lemma ex_word_map_elementary:
  fixes w :: "letter list"
  assumes "w \<in> derived (free_grp n) (carrier (free_grp n))"
    and "w \<notin> derived (free_grp n) (derived (free_grp n) (carrier (free_grp n)))"
  obtains Z :: "nat \<Rightarrow> 'a::field_char_0^2^2" and c
    where "\<forall>i. Z i \<in> SL2" and "c \<noteq> 0" and "word_map w Z = mat2 1 c 0 1"
proof -
  have w: "w \<in> carrier (free_grp n)" "signed_count w = 0"
    using assms(1) by (simp_all add: derived_free_grp)
  then have letters: "\<forall>x\<in>set w. fst x < n"
    by (simp add: carrier_free_grp)
  obtain T :: 'a and D \<beta> where T: "T \<noteq> 0" and c: "(\<Sum>k\<leftarrow>schreier_keys w. tri_term T n D \<beta> k) \<noteq> 0"
    using ex_tri_term_sum_nonzero[OF letters schreier_keys_unbalanced[OF assms]] by blast
  have "\<forall>i. tri_rep T D \<beta> i \<in> SL2"
    using T by (simp add: SL2_def tri_rep_def det_upper_tri)
  moreover have "word_map w (tri_rep T D \<beta>) = mat2 1 (\<Sum>k\<leftarrow>schreier_keys w. tri_term T n D \<beta> k) 0 1"
    using word_map_tri_rep[OF T letters] w(2) by (simp add: weight_def upper_tri_0)
  ultimately show ?thesis
    using that c by blast
qed
text \<open>x solves xdot = A x + B w + E z0 on [0,T] with x(0) = x0, in the
  (Caratheodory) integral sense.\<close>
definition solves_on ::
  "real^'n^'n \<Rightarrow> real^'m^'n \<Rightarrow> real^'p^'n \<Rightarrow> (real \<Rightarrow> real^'m) \<Rightarrow> real^'p
   \<Rightarrow> real^'n \<Rightarrow> real \<Rightarrow> (real \<Rightarrow> real^'n) \<Rightarrow> bool" where
  "solves_on A B E w z0 x0 T x \<longleftrightarrow>
     (\<forall>t\<in>{0..T}. ((\<lambda>s. A *v x s + B *v w s + E *v z0) has_integral (x t - x0)) {0..t})"

definition sol ::
  "real^'n^'n \<Rightarrow> real^'m^'n \<Rightarrow> real^'p^'n \<Rightarrow> (real \<Rightarrow> real^'m) \<Rightarrow> real^'p
   \<Rightarrow> real^'n \<Rightarrow> real \<Rightarrow> real \<Rightarrow> real^'n" where
  "sol A B E w z0 x0 T =
     (THE x. solves_on A B E w z0 x0 T x \<and> (\<forall>t. t \<notin> {0..T} \<longrightarrow> x t = 0))"

definition stationary_set ::
  "real^'n^'n \<Rightarrow> real^'m^'n \<Rightarrow> real^'n^'p \<Rightarrow> real^'p^'n \<Rightarrow> (real^'p) set
   \<Rightarrow> (real \<Rightarrow> real^'m) \<Rightarrow> real^'n \<Rightarrow> real \<Rightarrow> (real^'p) set" where
  "stationary_set A B C E \<Theta> w x0 T =
     {z0. \<forall>t\<in>{0..T}. z0 \<in> (\<lambda>\<theta>. C *v sol A B E w z0 x0 T t + \<theta>) ` \<Theta>}"
lemma nn_integral_dominated_part_le:
  fixes D :: "'a \<Rightarrow> ennreal" and P Q :: "'a pmf"
  assumes lam_nonneg: "0 \<le> lam"
  shows "(\<integral>\<^sup>+x. (if lam * pmf P x < pmf Q x then 0 else D x) \<partial>Q)
    \<le> ennreal lam * (\<integral>\<^sup>+x. D x \<partial>P)"
proof -
  have pointwise: "ennreal (pmf Q x) * (if lam * pmf P x < pmf Q x then 0 else D x)
      \<le> ennreal (pmf P x) * (ennreal lam * D x)" for x
  proof (cases "lam * pmf P x < pmf Q x")
    case False
    then have "ennreal (pmf Q x) \<le> ennreal (lam * pmf P x)"
      by (intro ennreal_leI) simp
    also have "\<dots> = ennreal lam * ennreal (pmf P x)"
      by (rule ennreal_mult'[OF lam_nonneg])
    finally have "ennreal (pmf Q x) * D x \<le> ennreal lam * ennreal (pmf P x) * D x"
      by (rule mult_right_mono) simp
    then show ?thesis
      using False by (simp add: mult_ac)
  qed simp
  have "(\<integral>\<^sup>+x. (if lam * pmf P x < pmf Q x then 0 else D x) \<partial>Q)
      \<le> (\<integral>\<^sup>+x. ennreal (pmf P x) * (ennreal lam * D x) \<partial>count_space UNIV)"
    unfolding nn_integral_measure_pmf by (intro nn_integral_mono pointwise)
  also have "\<dots> = ennreal lam * (\<integral>\<^sup>+x. D x \<partial>P)"
    by (simp add: nn_integral_measure_pmf nn_integral_cmult[symmetric] mult_ac)
  finally show ?thesis .
qed
lemma word_cong_nf_from:
  assumes "valid_state q" and "q \<noteq> Dead"
  shows "word (state_word q @ v) \<approx> nf_from q v"
  using assms
proof (induct v arbitrary: q)
  case Nil
  then show ?case
    using word_cong_state_nf by simp
next
  case (Cons g v)
  show ?case
  proof (cases "step q g = Dead")
    case True
    then have "nf_from q (g # v) = 0"
      by simp
    then show ?thesis
      using word_cong_zero_if_step_Dead[OF True Cons.prems(2,1)] by (simp only:)
  next
    case False
    have "word (state_word q @ g # v)
        \<approx> scaleF (step_weight q g) (word (state_word (step q g) @ v))"
      using word_cong_step[OF False Cons.prems(1)] .
    also have "\<dots> \<approx> scaleF (step_weight q g) (nf_from (step q g) v)"
      using Cons.hyps[OF valid_state_step[OF Cons.prems(1)] False] by (rule cong_scale)
    finally show ?thesis
      by (simp only: nf_from.simps)
  qed
qed

lemma word_cong_nf: "word w \<approx> nf w"
  using word_cong_nf_from[of "Prefix False 0" w] by (simp add: nf_def)

definition normal_states :: "nat \<Rightarrow> state list" where
  "normal_states n =
     [Prefix False (n + 3), Prefix True (n + 2),
      Letter False (n + 2) Gx, Letter False (n + 2) Gy, Letter False (n + 2) Gz,
      Letter True (n + 1) Gx, Letter True (n + 1) Gy,
      Ended False (n + 2) False, Ended False (n + 1) True, Ended True (n + 1) False]
   @ (if \<alpha> ^ n + \<beta> ^ n = 1 then [Ended True n True] else [])"

definition normal_words :: "nat \<Rightarrow> gen list set" where
  "normal_words n = state_word ` set (normal_states n)"

lemma length_normal_word: "t \<in> normal_words n \<Longrightarrow> length t = n + 3"
  by (auto simp: normal_words_def normal_states_def split: if_splits)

**PROBLEM TO SOLVE:**
Return all the lines above exactly as given.

**REPLY TO THE TASK:**
lemma ex_word_map_elementary:
  fixes w :: "letter list"
  assumes "w \<in> derived (free_grp n) (carrier (free_grp n))"
    and "w \<notin> derived (free_grp n) (derived (free_grp n) (carrier (free_grp n)))"
  obtains Z :: "nat \<Rightarrow> 'a::field_char_0^2^2" and c
    where "\<forall>i. Z i \<in> SL2" and "c \<noteq> 0" and "word_map w Z = mat2 1 c 0 1"
proof -
  have w: "w \<in> carrier (free_grp n)" "signed_count w = 0"
    using assms(1) by (simp_all add: derived_free_grp)
  then have letters: "\<forall>x\<in>set w. fst x < n"
    by (simp add: carrier_free_grp)
  obtain T :: 'a and D \<beta> where T: "T \<noteq> 0" and c: "(\<Sum>k\<leftarrow>schreier_keys w. tri_term T n D \<beta> k) \<noteq> 0"
    using ex_tri_term_sum_nonzero[OF letters schreier_keys_unbalanced[OF assms]] by blast
  have "\<forall>i. tri_rep T D \<beta> i \<in> SL2"
    using T by (simp add: SL2_def tri_rep_def det_upper_tri)
  moreover have "word_map w (tri_rep T D \<beta>) = mat2 1 (\<Sum>k\<leftarrow>schreier_keys w. tri_term T n D \<beta> k) 0 1"
    using word_map_tri_rep[OF T letters] w(2) by (simp add: weight_def upper_tri_0)
  ultimately show ?thesis
    using that c by blast
qed
text \<open>x solves xdot = A x + B w + E z0 on [0,T] with x(0) = x0, in the
  (Caratheodory) integral sense.\<close>
definition solves_on ::
  "real^'n^'n \<Rightarrow> real^'m^'n \<Rightarrow> real^'p^'n \<Rightarrow> (real \<Rightarrow> real^'m) \<Rightarrow> real^'p
   \<Rightarrow> real^'n \<Rightarrow> real \<Rightarrow> (real \<Rightarrow> real^'n) \<Rightarrow> bool" where
  "solves_on A B E w z0 x0 T x \<longleftrightarrow>
     (\<forall>t\<in>{0..T}. ((\<lambda>s. A *v x s + B *v w s + E *v z0) has_integral (x t - x0)) {0..t})"

definition sol ::
  "real^'n^'n \<Rightarrow> real^'m^'n \<Rightarrow> real^'p^'n \<Rightarrow> (real \<Rightarrow> real^'m) \<Rightarrow> real^'p
   \<Rightarrow> real^'n \<Rightarrow> real \<Rightarrow> real \<Rightarrow> real^'n" where
  "sol A B E w z0 x0 T =
     (THE x. solves_on A B E w z0 x0 T x \<and> (\<forall>t. t \<notin> {0..T} \<longrightarrow> x t = 0))"

definition stationary_set ::
  "real^'n^'n \<Rightarrow> real^'m^'n \<Rightarrow> real^'n^'p \<Rightarrow> real^'p^'n \<Rightarrow> (real^'p) set
   \<Rightarrow> (real \<Rightarrow> real^'m) \<Rightarrow> real^'n \<Rightarrow> real \<Rightarrow> (real^'p) set" where
  "stationary_set A B C E \<Theta> w x0 T =
     {z0. \<forall>t\<in>{0..T}. z0 \<in> (\<lambda>\<theta>. C *v sol A B E w z0 x0 T t + \<theta>) ` \<Theta>}"
lemma nn_integral_dominated_part_le:
  fixes D :: "'a \<Rightarrow> ennreal" and P Q :: "'a pmf"
  assumes lam_nonneg: "0 \<le> lam"
  shows "(\<integral>\<^sup>+x. (if lam * pmf P x < pmf Q x then 0 else D x) \<partial>Q)
    \<le> ennreal lam * (\<integral>\<^sup>+x. D x \<partial>P)"
proof -
  have pointwise: "ennreal (pmf Q x) * (if lam * pmf P x < pmf Q x then 0 else D x)
      \<le> ennreal (pmf P x) * (ennreal lam * D x)" for x
  proof (cases "lam * pmf P x < pmf Q x")
    case False
    then have "ennreal (pmf Q x) \<le> ennreal (lam * pmf P x)"
      by (intro ennreal_leI) simp
    also have "\<dots> = ennreal lam * ennreal (pmf P x)"
      by (rule ennreal_mult'[OF lam_nonneg])
    finally have "ennreal (pmf Q x) * D x \<le> ennreal lam * ennreal (pmf P x) * D x"
      by (rule mult_right_mono) simp
    then show ?thesis
      using False by (simp add: mult_ac)
  qed simp
  have "(\<integral>\<^sup>+x. (if lam * pmf P x < pmf Q x then 0 else D x) \<partial>Q)
      \<le> (\<integral>\<^sup>+x. ennreal (pmf P x) * (ennreal lam * D x) \<partial>count_space UNIV)"
    unfolding nn_integral_measure_pmf by (intro nn_integral_mono pointwise)
  also have "\<dots> = ennreal lam * (\<integral>\<^sup>+x. D x \<partial>P)"
    by (simp add: nn_integral_measure_pmf nn_integral_cmult[symmetric] mult_ac)
  finally show ?thesis .
qed
lemma word_cong_nf_from:
  assumes "valid_state q" and "q \<noteq> Dead"
  shows "word (state_word q @ v) \<approx> nf_from q v"
  using assms
proof (induct v arbitrary: q)
  case Nil
  then show ?case
    using word_cong_state_nf by simp
next
  case (Cons g v)
  show ?case
  proof (cases "step q g = Dead")
    case True
    then have "nf_from q (g # v) = 0"
      by simp
    then show ?thesis
      using word_cong_zero_if_step_Dead[OF True Cons.prems(2,1)] by (simp only:)
  next
    case False
    have "word (state_word q @ g # v)
        \<approx> scaleF (step_weight q g) (word (state_word (step q g) @ v))"
      using word_cong_step[OF False Cons.prems(1)] .
    also have "\<dots> \<approx> scaleF (step_weight q g) (nf_from (step q g) v)"
      using Cons.hyps[OF valid_state_step[OF Cons.prems(1)] False] by (rule cong_scale)
    finally show ?thesis
      by (simp only: nf_from.simps)
  qed
qed

lemma word_cong_nf: "word w \<approx> nf w"
  using word_cong_nf_from[of "Prefix False 0" w] by (simp add: nf_def)

definition normal_states :: "nat \<Rightarrow> state list" where
  "normal_states n =
     [Prefix False (n + 3), Prefix True (n + 2),
      Letter False (n + 2) Gx, Letter False (n + 2) Gy, Letter False (n + 2) Gz,
      Letter True (n + 1) Gx, Letter True (n + 1) Gy,
      Ended False (n + 2) False, Ended False (n + 1) True, Ended True (n + 1) False]
   @ (if \<alpha> ^ n + \<beta> ^ n = 1 then [Ended True n True] else [])"

definition normal_words :: "nat \<Rightarrow> gen list set" where
  "normal_words n = state_word ` set (normal_states n)"

lemma length_normal_word: "t \<in> normal_words n \<Longrightarrow> length t = n + 3"
  by (auto simp: normal_words_def normal_states_def split: if_splits)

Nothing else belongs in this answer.